*Aim of the task*: Transcribe only the lines between the first line of the records and the line containing "proof (rule completeness)", inclusive, exactly as written.

*Information shown*:
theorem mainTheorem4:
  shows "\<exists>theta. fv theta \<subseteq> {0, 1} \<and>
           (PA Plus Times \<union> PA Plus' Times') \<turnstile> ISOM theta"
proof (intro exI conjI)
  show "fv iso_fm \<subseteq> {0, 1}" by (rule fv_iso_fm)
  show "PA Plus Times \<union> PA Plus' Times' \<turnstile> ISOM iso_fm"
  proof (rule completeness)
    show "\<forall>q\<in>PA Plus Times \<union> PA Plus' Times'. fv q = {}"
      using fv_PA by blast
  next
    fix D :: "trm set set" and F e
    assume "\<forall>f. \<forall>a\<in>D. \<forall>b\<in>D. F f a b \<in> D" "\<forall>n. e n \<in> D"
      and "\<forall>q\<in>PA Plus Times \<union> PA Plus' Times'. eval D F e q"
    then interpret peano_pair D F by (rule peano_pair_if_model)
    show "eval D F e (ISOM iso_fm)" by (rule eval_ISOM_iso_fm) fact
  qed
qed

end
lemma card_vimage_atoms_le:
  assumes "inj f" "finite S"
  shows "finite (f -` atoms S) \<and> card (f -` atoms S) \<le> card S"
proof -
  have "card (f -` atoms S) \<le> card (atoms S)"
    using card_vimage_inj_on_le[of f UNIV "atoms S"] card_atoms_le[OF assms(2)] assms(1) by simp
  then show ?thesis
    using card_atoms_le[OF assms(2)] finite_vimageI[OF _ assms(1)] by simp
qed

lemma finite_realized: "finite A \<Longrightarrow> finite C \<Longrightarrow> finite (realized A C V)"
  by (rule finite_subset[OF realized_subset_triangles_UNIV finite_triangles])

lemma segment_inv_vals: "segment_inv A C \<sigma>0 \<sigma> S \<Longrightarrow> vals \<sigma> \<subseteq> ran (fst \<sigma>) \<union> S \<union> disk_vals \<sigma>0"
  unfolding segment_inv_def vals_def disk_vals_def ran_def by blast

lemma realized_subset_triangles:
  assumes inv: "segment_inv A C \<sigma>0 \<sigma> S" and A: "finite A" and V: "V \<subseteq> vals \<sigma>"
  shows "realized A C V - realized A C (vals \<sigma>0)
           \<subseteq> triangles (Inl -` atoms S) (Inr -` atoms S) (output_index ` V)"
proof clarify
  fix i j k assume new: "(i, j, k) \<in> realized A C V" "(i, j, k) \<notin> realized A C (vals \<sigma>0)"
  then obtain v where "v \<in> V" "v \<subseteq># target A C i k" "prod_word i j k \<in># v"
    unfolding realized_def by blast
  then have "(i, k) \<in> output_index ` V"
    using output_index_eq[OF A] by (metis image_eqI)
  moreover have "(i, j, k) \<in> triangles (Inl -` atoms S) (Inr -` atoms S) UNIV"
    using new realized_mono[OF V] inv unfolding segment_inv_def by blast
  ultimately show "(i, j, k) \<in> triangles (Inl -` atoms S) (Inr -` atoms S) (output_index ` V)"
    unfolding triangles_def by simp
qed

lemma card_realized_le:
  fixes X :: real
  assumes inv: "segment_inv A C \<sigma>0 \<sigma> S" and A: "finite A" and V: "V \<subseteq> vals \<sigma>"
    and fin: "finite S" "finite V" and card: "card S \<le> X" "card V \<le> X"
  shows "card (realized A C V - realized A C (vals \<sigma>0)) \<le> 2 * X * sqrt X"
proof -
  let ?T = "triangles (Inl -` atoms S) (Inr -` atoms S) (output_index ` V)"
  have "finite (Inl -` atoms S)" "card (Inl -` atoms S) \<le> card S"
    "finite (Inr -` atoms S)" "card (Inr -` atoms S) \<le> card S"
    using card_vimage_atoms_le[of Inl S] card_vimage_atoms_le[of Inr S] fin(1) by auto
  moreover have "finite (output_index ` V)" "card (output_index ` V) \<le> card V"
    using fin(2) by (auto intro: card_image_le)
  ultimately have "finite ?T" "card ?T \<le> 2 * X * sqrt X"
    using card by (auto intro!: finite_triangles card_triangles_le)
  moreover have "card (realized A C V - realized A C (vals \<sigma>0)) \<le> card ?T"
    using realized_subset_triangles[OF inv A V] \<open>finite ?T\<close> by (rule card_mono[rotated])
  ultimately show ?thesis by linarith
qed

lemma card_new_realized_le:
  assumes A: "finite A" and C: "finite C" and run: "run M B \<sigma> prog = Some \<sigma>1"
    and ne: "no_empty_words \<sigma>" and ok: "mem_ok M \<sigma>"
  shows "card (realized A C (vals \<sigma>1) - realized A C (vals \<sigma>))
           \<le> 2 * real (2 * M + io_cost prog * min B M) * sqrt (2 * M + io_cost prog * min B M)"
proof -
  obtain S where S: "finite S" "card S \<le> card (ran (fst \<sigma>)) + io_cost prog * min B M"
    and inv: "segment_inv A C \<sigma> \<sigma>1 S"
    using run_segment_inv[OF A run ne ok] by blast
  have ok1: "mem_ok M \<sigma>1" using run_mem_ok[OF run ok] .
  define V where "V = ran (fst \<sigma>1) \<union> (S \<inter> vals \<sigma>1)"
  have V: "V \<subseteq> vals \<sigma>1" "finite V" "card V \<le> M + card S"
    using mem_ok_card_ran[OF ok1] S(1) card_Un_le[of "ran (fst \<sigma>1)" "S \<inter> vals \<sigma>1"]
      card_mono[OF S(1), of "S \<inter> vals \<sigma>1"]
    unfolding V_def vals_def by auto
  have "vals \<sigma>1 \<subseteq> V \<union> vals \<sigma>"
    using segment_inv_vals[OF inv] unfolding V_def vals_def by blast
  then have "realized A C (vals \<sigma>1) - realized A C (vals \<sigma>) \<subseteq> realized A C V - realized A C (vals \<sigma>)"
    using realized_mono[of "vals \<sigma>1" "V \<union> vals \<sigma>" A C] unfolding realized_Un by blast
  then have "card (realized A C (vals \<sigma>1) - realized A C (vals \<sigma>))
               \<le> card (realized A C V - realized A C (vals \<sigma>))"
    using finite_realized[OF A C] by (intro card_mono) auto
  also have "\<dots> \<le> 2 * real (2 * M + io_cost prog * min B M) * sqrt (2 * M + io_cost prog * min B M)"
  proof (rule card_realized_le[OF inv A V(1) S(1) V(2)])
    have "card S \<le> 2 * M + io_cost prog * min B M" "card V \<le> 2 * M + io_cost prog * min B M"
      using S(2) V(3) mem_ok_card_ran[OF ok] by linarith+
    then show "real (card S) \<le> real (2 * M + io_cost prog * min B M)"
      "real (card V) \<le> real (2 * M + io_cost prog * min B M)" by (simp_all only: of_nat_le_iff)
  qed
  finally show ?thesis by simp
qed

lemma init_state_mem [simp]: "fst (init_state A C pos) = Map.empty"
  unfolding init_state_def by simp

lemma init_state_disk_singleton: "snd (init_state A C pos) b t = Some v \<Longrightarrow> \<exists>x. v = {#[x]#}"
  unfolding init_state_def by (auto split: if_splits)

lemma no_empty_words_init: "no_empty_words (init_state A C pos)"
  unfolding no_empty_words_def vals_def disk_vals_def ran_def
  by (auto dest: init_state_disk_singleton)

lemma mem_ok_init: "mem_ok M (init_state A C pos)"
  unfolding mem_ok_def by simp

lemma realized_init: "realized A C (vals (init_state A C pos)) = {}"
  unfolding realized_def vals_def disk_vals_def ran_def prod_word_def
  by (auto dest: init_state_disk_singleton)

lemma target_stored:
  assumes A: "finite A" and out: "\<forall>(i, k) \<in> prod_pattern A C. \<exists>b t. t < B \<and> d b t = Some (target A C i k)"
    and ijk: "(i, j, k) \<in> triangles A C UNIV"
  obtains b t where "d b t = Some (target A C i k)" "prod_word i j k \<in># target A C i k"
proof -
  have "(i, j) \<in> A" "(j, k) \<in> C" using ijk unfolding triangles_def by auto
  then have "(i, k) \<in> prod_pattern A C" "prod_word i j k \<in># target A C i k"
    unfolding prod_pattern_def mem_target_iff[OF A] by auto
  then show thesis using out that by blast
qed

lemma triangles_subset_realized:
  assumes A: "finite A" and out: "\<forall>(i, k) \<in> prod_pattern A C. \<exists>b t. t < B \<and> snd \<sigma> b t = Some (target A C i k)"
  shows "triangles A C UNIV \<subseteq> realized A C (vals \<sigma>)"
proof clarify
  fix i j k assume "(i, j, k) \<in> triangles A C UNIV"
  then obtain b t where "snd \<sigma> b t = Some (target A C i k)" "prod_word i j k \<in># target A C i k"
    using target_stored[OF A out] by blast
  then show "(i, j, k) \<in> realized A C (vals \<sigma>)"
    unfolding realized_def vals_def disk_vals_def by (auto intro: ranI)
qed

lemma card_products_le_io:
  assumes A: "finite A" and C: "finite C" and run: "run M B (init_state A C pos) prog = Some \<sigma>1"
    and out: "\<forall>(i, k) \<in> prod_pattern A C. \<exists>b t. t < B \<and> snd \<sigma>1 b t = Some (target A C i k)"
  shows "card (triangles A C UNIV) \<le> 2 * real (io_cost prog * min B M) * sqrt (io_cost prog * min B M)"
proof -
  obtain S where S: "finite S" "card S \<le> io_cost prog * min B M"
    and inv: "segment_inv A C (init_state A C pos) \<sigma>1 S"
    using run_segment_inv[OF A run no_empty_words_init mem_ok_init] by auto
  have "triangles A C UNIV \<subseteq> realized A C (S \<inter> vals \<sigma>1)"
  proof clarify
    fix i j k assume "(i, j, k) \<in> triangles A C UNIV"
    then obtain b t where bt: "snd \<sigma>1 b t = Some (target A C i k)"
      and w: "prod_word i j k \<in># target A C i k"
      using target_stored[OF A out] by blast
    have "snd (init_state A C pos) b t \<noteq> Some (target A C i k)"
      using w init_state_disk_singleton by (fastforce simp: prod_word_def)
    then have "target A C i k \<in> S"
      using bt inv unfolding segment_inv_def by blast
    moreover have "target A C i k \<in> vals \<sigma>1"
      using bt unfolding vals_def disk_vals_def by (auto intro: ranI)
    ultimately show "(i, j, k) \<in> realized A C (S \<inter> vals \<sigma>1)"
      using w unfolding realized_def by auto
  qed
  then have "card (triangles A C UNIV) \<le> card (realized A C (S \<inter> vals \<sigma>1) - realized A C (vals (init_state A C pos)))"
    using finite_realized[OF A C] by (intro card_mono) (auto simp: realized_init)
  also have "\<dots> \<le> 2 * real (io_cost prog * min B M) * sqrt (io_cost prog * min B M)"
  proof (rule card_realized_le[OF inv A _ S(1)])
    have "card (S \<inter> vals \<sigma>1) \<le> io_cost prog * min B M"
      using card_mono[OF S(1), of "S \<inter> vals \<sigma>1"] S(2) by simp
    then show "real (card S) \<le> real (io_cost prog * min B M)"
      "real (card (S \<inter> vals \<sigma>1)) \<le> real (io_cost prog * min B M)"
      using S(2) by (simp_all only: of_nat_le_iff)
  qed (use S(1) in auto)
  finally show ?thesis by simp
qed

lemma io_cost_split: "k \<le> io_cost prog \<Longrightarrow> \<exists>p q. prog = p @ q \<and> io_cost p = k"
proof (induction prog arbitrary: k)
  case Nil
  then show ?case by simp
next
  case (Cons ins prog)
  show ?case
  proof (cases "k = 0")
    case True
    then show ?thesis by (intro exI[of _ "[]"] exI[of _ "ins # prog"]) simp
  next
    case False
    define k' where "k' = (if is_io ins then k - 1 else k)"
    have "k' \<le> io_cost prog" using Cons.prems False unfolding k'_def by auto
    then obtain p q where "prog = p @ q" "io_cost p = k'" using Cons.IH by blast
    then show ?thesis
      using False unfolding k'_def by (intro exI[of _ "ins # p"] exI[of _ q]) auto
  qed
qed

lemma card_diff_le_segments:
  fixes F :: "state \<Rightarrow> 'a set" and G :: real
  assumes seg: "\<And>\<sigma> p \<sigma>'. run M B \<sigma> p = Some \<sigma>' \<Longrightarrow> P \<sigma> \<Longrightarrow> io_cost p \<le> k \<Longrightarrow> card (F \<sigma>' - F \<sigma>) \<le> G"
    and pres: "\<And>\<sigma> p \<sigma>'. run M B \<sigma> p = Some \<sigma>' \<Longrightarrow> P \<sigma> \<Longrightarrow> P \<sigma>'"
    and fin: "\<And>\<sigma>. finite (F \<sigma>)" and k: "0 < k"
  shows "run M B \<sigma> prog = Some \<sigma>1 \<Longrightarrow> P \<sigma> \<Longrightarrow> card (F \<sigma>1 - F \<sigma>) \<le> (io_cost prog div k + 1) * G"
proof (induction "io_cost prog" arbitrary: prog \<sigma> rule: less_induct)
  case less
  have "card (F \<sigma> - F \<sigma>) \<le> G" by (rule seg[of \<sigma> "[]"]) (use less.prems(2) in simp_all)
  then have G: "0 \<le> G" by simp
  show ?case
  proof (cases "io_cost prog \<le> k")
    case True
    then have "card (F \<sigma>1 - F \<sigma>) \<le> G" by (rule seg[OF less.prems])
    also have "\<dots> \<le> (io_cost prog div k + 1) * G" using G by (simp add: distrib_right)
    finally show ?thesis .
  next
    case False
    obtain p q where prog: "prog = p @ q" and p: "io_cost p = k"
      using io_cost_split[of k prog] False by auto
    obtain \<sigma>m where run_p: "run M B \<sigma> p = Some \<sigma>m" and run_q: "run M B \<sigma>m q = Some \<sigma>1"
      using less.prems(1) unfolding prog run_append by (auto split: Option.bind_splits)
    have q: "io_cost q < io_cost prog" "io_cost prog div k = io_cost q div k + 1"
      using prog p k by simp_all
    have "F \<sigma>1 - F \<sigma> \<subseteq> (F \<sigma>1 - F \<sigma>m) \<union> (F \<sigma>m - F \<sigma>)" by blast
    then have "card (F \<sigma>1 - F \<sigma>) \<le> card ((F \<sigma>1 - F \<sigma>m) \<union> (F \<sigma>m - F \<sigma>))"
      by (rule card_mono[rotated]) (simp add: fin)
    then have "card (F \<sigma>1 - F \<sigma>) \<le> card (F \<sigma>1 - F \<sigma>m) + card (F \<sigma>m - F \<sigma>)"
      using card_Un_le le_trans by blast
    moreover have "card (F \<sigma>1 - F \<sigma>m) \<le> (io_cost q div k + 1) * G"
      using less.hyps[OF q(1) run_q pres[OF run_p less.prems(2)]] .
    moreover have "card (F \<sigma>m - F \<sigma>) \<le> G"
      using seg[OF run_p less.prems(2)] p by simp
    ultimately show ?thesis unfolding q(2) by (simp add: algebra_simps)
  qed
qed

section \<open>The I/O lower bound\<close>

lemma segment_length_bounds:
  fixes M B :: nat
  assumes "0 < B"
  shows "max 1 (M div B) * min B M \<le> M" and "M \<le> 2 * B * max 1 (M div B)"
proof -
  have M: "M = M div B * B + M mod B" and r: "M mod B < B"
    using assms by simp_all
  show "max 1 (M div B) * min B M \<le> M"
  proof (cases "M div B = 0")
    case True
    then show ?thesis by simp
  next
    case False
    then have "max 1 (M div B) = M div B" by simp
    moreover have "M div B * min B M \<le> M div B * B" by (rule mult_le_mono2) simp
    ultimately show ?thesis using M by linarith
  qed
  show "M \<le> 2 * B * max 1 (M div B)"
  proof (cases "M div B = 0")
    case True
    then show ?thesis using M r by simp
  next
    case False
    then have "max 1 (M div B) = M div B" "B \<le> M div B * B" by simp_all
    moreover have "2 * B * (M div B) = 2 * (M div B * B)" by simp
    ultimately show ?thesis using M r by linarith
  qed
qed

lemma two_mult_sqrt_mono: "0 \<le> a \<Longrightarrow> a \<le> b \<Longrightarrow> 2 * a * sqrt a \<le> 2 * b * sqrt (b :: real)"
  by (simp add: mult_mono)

*Exercise answer*:
theorem mainTheorem4:
  shows "\<exists>theta. fv theta \<subseteq> {0, 1} \<and>
           (PA Plus Times \<union> PA Plus' Times') \<turnstile> ISOM theta"
proof (intro exI conjI)
  show "fv iso_fm \<subseteq> {0, 1}" by (rule fv_iso_fm)
  show "PA Plus Times \<union> PA Plus' Times' \<turnstile> ISOM iso_fm"
  proof (rule completeness)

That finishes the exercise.